SmartSim Prerequisites:

Please refer to SmartSim documentation for more information. The base prerequisites to install SmartSim and SmartRedis are:

  • Python 3.7-3.9
  • Pip
  • Cmake 3.13.x (or later)
  • C compiler
  • C++ compiler
  • GNU Make > 4.0
  • Git
  • git-lfs Note that most developer systems already have many of these packages installed, but check that the package versions comply with the above prerequisites.

Next, use the following terminal commands to create the conda environment (“al4gap”) based on the repository requirements:

git clone https://github.com/pythonpanda2/AL4GAP_JCP.git
cd AL4GAP
conda env create -f env.yml
cd MSMOD
cp -r AL4GAP  /your/path/al4gap/lib/python3.7/site-packages/
conda activate /your/path

Install SmartSim for CPU

SmartSim and SmartRedis are installed with the env.yml file, however the SmartSim build requires git-lfs to be installed before the build process.

conda install git-lfs
smart clean
smart build --device cpu

For Bebop Users

Modules loaded in Bebop for Environment Build:
1) StdEnv 
2) cmake/3.20.3-vedypwm 
3) gcc/8.2.0-xhxgy33
4) gmake/4.2.1-expbj35

Modules loaded in Bebop for Running Experiment (loaded in driver.py):
1) StdEnv   
2) intel/cluster.2018.3
4) gcc/7.1.0
5) gsl/2.4
6) lammps/12Mar19

Check which modules are available with:
$ module avail

Simple AL4GAP Tutorial

To showcase the active learning framework, a simple example is provided in the Jupyter notebook, "tutorial.ipynb”. If necessary, the conda env can be used as kernel for the notebook using the following command:

jupyter kernelspec list
python -m ipykernel install --user --name=al4gap

Now, we will run a simple active learning example for the CaCl2-NdCl3 molten salt composition:

cd Notebook/
unzip To_QUIP.extxyz.zip
export PATH=/your/path/al4gap/lib/python3.7/site-packages/:$PATH
jupyter-notebook tutorial.ipynb

Running AL4GAP

  • This script adopts the AL4GAP workflow and uses SmartSim to launch the workload on Bebop worker nodes with Slurm WLM.
  • SmartSim ensemble feature is used to launch and run multiple experiments simultaneously as a batch.
  • The allocations are given as (# Compositions + # DB Node) nodes.
  • The driver.py script is currently set to run the "densities.csv" file for 3 MS compositions, this can be easily changed to "example.csv" to run 1 composition. Make sure compute resources are adjusted accordingly.
sbatch submit_driver.sh

Bayesian Optimization of GAP Model Hyperparameters

DFT-SCAN calculations are performed on the AL4GAP samples best configutations from across the compositions. Here we will utilize DFT-SCAN data for KCl-ThCl4 melt compositions (listed in Appendix A "Composition space for five molten salt mixture chemistry" of the article) to illustrate a Bayesian Optimization (BO) of a 2B+SOAP GAP Model hyperparameters. The BO script is implemted as BayesOpt_SOAP.py. The following paramter search space is defined inside this script:

bounds = [{'name': 'cutoff',             'type': 'continuous', 'domain': (4, 8)},
          {'name': 'delta2b',            'type': 'continuous',
              'domain': (1, 20.0)},
          {'name': 'delta',            'type': 'continuous',
              'domain': (0.1, 0.99)},
          {'name': 'n_sparse',        'type': 'discrete',
              'domain': range(100, 1501, 100)},
          {'name': 'n_sparse2b',        'type': 'discrete',
              'domain': range(10, 105, 5)},
          {'name': 'lmax',            'type': 'discrete',  'domain': (4, 5, 6)},
          {'name': 'nmax',            'type': 'discrete',  'domain': (8, 9, 10, 11, 12)}, ]

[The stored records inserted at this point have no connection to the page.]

text \<open>The dimension-dependent inequality \<open>3 \<cdot> 2^d (2^d - 1) \<le> 2 (3d)^d\<close> behind the
  constant \<open>(3d)^d\<close>; for \<open>d \<ge> 2\<close> it follows from \<open>3 \<cdot> 4^d \<le> 2 \<cdot> 6^d\<close>.\<close>
lemma dimension_constant_ineq:
  assumes "1 \<le> m"
  shows "3 * 2^m * (2^m - 1) \<le> 2 * (3 * real m)^m"
proof (cases "m = 1")
  case True
  then show ?thesis by simp
next
  case False
  with assms have m2: "2 \<le> m" by simp
  have four_six: "3 * (4::real)^n \<le> 2 * 6^n" if "1 \<le> n" for n :: nat
    using that by (induction n rule: dec_induct) simp_all
  have "3 * 2^m * (2^m - 1) \<le> 3 * (2::real)^m * 2^m" by simp
  also have "\<dots> = 3 * 4^m" by (simp add: power_mult_distrib[symmetric])
  also have "\<dots> \<le> 2 * 6^m" using four_six assms by simp
  also have "\<dots> \<le> 2 * (3 * real m)^m" using m2 by (intro mult_left_mono power_mono) auto
  finally show ?thesis .
qed

text \<open>The geometric series produced by the dyadic decomposition is bounded by the
  paper's constant \<open>(3d)^d / (2s)\<close>; this uses \<open>2^{2s} - 1 \<ge> 2s ln 2 \<ge> 4s/3\<close>.\<close>
lemma dyadic_series_bound:
  assumes s: "0 < s" and m: "1 \<le> m"
  shows "2 powr (real m - 2 * s) * (2^m - 1) / (1 - 2 powr (-2 * s)) \<le> (3 * real m)^m / (2 * s)"
proof -
  define u where "u = (2::real) powr (2 * s)"
  have "u = exp (2 * s * ln 2)" by (simp add: u_def powr_def)
  also have "\<dots> \<ge> 1 + 2 * s * ln 2" by (rule exp_ge_add_one_self)
  finally have "u - 1 \<ge> 2 * s * ln 2" by simp
  moreover have "2 * s * ln 2 \<ge> 2 * s * (2/3)" using two_thirds_le_ln2 s by (intro mult_left_mono) auto
  ultimately have u1: "u - 1 \<ge> 4 * s / 3" by simp
  have "2 powr (real m - 2 * s) * (2^m - 1) / (1 - 2 powr (-2 * s)) = 2^m * (2^m - 1) / (u - 1)"
    using u1 s by (simp add: u_def powr_diff powr_minus powr_realpow field_simps)
  also have "\<dots> \<le> 2^m * (2^m - 1) / (4 * s / 3)"
    using u1 s by (intro divide_left_mono mult_nonneg_nonneg) (auto simp: one_le_power)
  also have "\<dots> = (3 * 2^m * (2^m - 1)) / 2 / (2 * s)" using s by (simp add: field_simps)
  also have "\<dots> \<le> (2 * (3 * real m)^m) / 2 / (2 * s)"
    using dimension_constant_ineq[OF m] s by (intro divide_right_mono) auto
  finally show ?thesis by simp
qed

The full list of GAP hyperparameters can be read using the link here. The BO script is launched on a single HPC node as shown below

cd HyperparameterOptimization/

sbatch bdw.sh

The optimized result for this run can be seen at the end of the BO-SOAP.out output file and also written to hyperparam_quip.json file is shown below.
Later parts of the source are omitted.